Teror Media Elektronik di Tengah Bencana

Teror Media Elektronik Di Tengah Bencana
Filosa Gita Sukmono*

Masyarakat Indonesia dibeberapa daerah mengalami tekanan dan cobaan luar biasa
hebat dalam beberapa bulan terakhir ini. Salah satunya tragedi Gunung Merapi yang cukup
meresahkan penduduk Yogyakarta dan sekitarnya. Hal ini masih ditambah dengan teror
media massa khususnya media elektronik lewat berbagai informasinya yang membuat banyak
masyarakat sekitar bencana menjadi ketakutan.
Tepat tanggal 7 November 2010 salah satu televisi swasta dengan program
infotaiment-nya, meramu sebuah acara yang justru semakin membuat masyarakat Yogyakarta
menjadi resah. Hal ini dikarenakan dalam program acara tersebut dengan berbagai ramalan
dan prediksi yang tidak bisa dibuktikan secara ilmiah memperkirakan terjadi sebuah letusan
hebat oleh Gunung Merapi pada tanggal 7-8 November, dengan radius letusan sampai 65
Kilometer. Sontak saja masyarakat Yogyakarta maupun para pengungsi yang meyaksikan
acara tersebut menjadi gelisah.
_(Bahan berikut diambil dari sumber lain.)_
lemma subspace_contains_supported_vectors:
  fixes S :: "('i \<Rightarrow> 'a::field) set"
  assumes "finite I"
    and "\<And>s i. s \<in> S \<Longrightarrow> i \<notin> I \<Longrightarrow> s i = 0"
    and "0 \<in> S" and "\<And>v w. v \<in> S \<Longrightarrow> w \<in> S \<Longrightarrow> v + w \<in> S"
    and "\<And>c v. v \<in> S \<Longrightarrow> (\<lambda>i. c * v i) \<in> S"
    and "\<And>a. (\<And>s. s \<in> S \<Longrightarrow> (\<Sum>i\<in>I. a i * s i) = 0) \<Longrightarrow> \<forall>i\<in>I. a i = 0"
    and "\<And>i. i \<notin> I \<Longrightarrow> v i = 0"
  shows "v \<in> S"
  using assms
proof (induction I arbitrary: S v rule: finite_induct)
  case empty
  then have "v = 0" by (auto simp: fun_eq_iff)
  then show ?case using empty.prems(2) by simp
next
  case (insert x I)
  note supp = insert.prems(1) and add = insert.prems(3) and scale = insert.prems(4)
    and annih = insert.prems(5)
  obtain s0 where s0: "s0 \<in> S" "s0 x \<noteq> 0"
    using nonzero_coordinate_if_annihilator_trivial[OF _ _ annih] insert.hyps(1) by blast
  define pivot where "pivot s = (\<lambda>i. s i - s x / s0 x * s0 i)" for s
  have pivot: "pivot s \<in> S" if "s \<in> S" for s
    using add[OF that scale[OF s0(1), of "- (s x / s0 x)"]] by (simp add: pivot_def plus_fun_def)
  define S' where "S' = {s\<in>S. s x = 0}"
  have "v' \<in> S'" if "\<And>i. i \<notin> I \<Longrightarrow> v' i = 0" for v'
  proof (rule insert.IH)
    show "\<And>s i. s \<in> S' \<Longrightarrow> i \<notin> I \<Longrightarrow> s i = 0"
      using supp unfolding S'_def by (metis (mono_tags) insertE mem_Collect_eq)
    show "0 \<in> S'" using insert.prems(2) by (simp add: S'_def zero_fun_def)
    show "v + w \<in> S'" if "v \<in> S'" "w \<in> S'" for v w
      using add that by (auto simp: S'_def plus_fun_def)
    show "(\<lambda>i. c * v i) \<in> S'" if "v \<in> S'" for c v
      using scale that by (auto simp: S'_def)
    show "\<forall>i\<in>I. a i = 0" if "\<And>s. s \<in> S' \<Longrightarrow> (\<Sum>i\<in>I. a i * s i) = 0" for a
      using annihilator_trivial_on_coordinate_section[OF insert.hyps s0, of a] pivot annih that
      by (simp add: pivot_def S'_def)
  qed (use that in blast)
  moreover have "pivot v i = 0" if "i \<notin> I" for i
    using supp[OF s0(1)] insert.prems(6) s0(2) that by (cases "i = x") (auto simp: pivot_def)
  ultimately have "pivot v \<in> S" by (simp add: S'_def)
  then have "pivot v + (\<lambda>i. (v x / s0 x) * s0 i) \<in> S"
    using add scale s0(1) by blast
  then show ?case by (simp add: pivot_def plus_fun_def)
qed

lemma S_vertices_iff: "v \<in> S_vertices k \<longleftrightarrow> (\<forall>i. i \<notin> {1..k} \<longrightarrow> v i = 0)"
  by (auto simp: S_vertices_def not_le)

lemma
  fixes a b :: "nat \<Rightarrow> 'a::ab_group_add"
  shows S_vertices_add: "a \<in> S_vertices k \<Longrightarrow> b \<in> S_vertices k \<Longrightarrow> a + b \<in> S_vertices k"
    and S_vertices_diff: "a \<in> S_vertices k \<Longrightarrow> b \<in> S_vertices k \<Longrightarrow> a - b \<in> S_vertices k"
  by (simp_all add: S_vertices_iff)

definition S_edge :: "nat \<Rightarrow> (nat \<Rightarrow> 'a::field poly) \<Rightarrow> (nat \<Rightarrow> 'a poly) \<Rightarrow> (nat \<Rightarrow> 'a) \<Rightarrow> (nat \<Rightarrow> 'a) \<Rightarrow> bool" where
  "S_edge k f g x y \<longleftrightarrow> x \<in> S_vertices k \<and> y \<in> S_vertices k \<and> S_adj k f g x y"

lemma S_adj_sym:
  assumes odd: "\<forall>i\<in>{3..k}. pcompose (g i) [:0, -1:] = - g i"
    and "S_adj k f g a b"
  shows "S_adj k f g b a"
proof -
  have "a i - b i = poly (g i) (a 1 - b 1) * poly (f i) ((a 2 - b 2) / (a 1 - b 1))"
    if i: "i \<in> {3..k}" for i
  proof -
    have g: "poly (g i) (a 1 - b 1) = - poly (g i) (b 1 - a 1)"
      using arg_cong[OF odd[rule_format, OF i], of "\<lambda>P. poly P (b 1 - a 1)"]
      by (simp add: poly_pcompose)
    have slope: "(a 2 - b 2) / (a 1 - b 1) = (b 2 - a 2) / (b 1 - a 1)"
      by (metis minus_diff_eq minus_divide_divide)
    have "b i - a i = poly (g i) (b 1 - a 1) * poly (f i) ((b 2 - a 2) / (b 1 - a 1))"
      using assms(2) i by (simp add: S_adj_def)
    then have "a i - b i = - (poly (g i) (b 1 - a 1) * poly (f i) ((b 2 - a 2) / (b 1 - a 1)))"
      by (metis minus_diff_eq)
    then show ?thesis by (simp only: g slope mult_minus_left)
  qed
  then show ?thesis using assms(2) by (auto simp: S_adj_def)
qed

lemma symp_S_edge:
  assumes "\<forall>i\<in>{3..k}. pcompose (g i) [:0, -1:] = - g i"
  shows "symp (S_edge k f g)"
  using S_adj_sym[OF assms] by (auto intro: sympI simp: S_edge_def)

text \<open>Adjacency only depends on \<open>b - a\<close>: \<open>S(k,q)\<close> is a Cayley graph of \<open>F\<^sub>q\<^sup>k\<close>.\<close>
definition connecting_translations :: "nat \<Rightarrow> (nat \<Rightarrow> 'a::field poly) \<Rightarrow> (nat \<Rightarrow> 'a poly) \<Rightarrow> (nat \<Rightarrow> 'a) set" where
  "connecting_translations k f g =
     {m \<in> S_vertices k. \<forall>a\<in>S_vertices k. (S_edge k f g)\<^sup>*\<^sup>* a (a + m)}"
Bahkan beberapa sanak saudara dari warga Yogyakarta yang
menyaksikan acara tersebut langsung menghubungi saudara mereka yang tinggal di kota
gudeg tersebut, untuk sekedar bertanya kondisi terakhir ataupun menyarankan agar sejauh
mungkin pergi dari kota Yogyakarta.
Selain acara infotaiment di atas, penulis juga mempunyai pengalaman unik terkait
teror pemberitaan media elektronik yang meresahkan masyarakat. Waktu itu terjadi
pemadaman lampu yang terjadi pada hari Sabtu, 6 november 2010 di daerah Mlati, Sleman.

Tiba-tiba ada seorang ibu yang keluar dari rumahnya sambil berbicara dengan tetangganya.
“Ndak masalah lampunya mati biar gak liat berita terus, sebab jadi takut sendiri kalau liat
tayangan di televisi,” terang ibu tersebut dengan cukup kesal.
Media elektronik dengan berbagai program acaranya justru membuat sebuah teror
yang menakutkan untuk masyarakat di sekitar bencana. Bagaimana berbagai realitas yang ada
di lapangan dibuat menjadi sesuatu yang berlebihan ketika hal tersebut muncul dalam sebuah
pemberitaan atau berbagai program acara di televisi.
Hiper-Realitas Media
Contoh teror media elektronik di atas, membuktikan bahwa media saat ini sudah
mengabaikan kepentingan publik. Media seolah-olah hanya berorientasi pada kepentingan
eknomi dan kekuasaan tanpa memperhatikan imbas yang dirasakan masyarakat di sekitar
bencana letusan Gunung Merapi akibat program acara tersebut.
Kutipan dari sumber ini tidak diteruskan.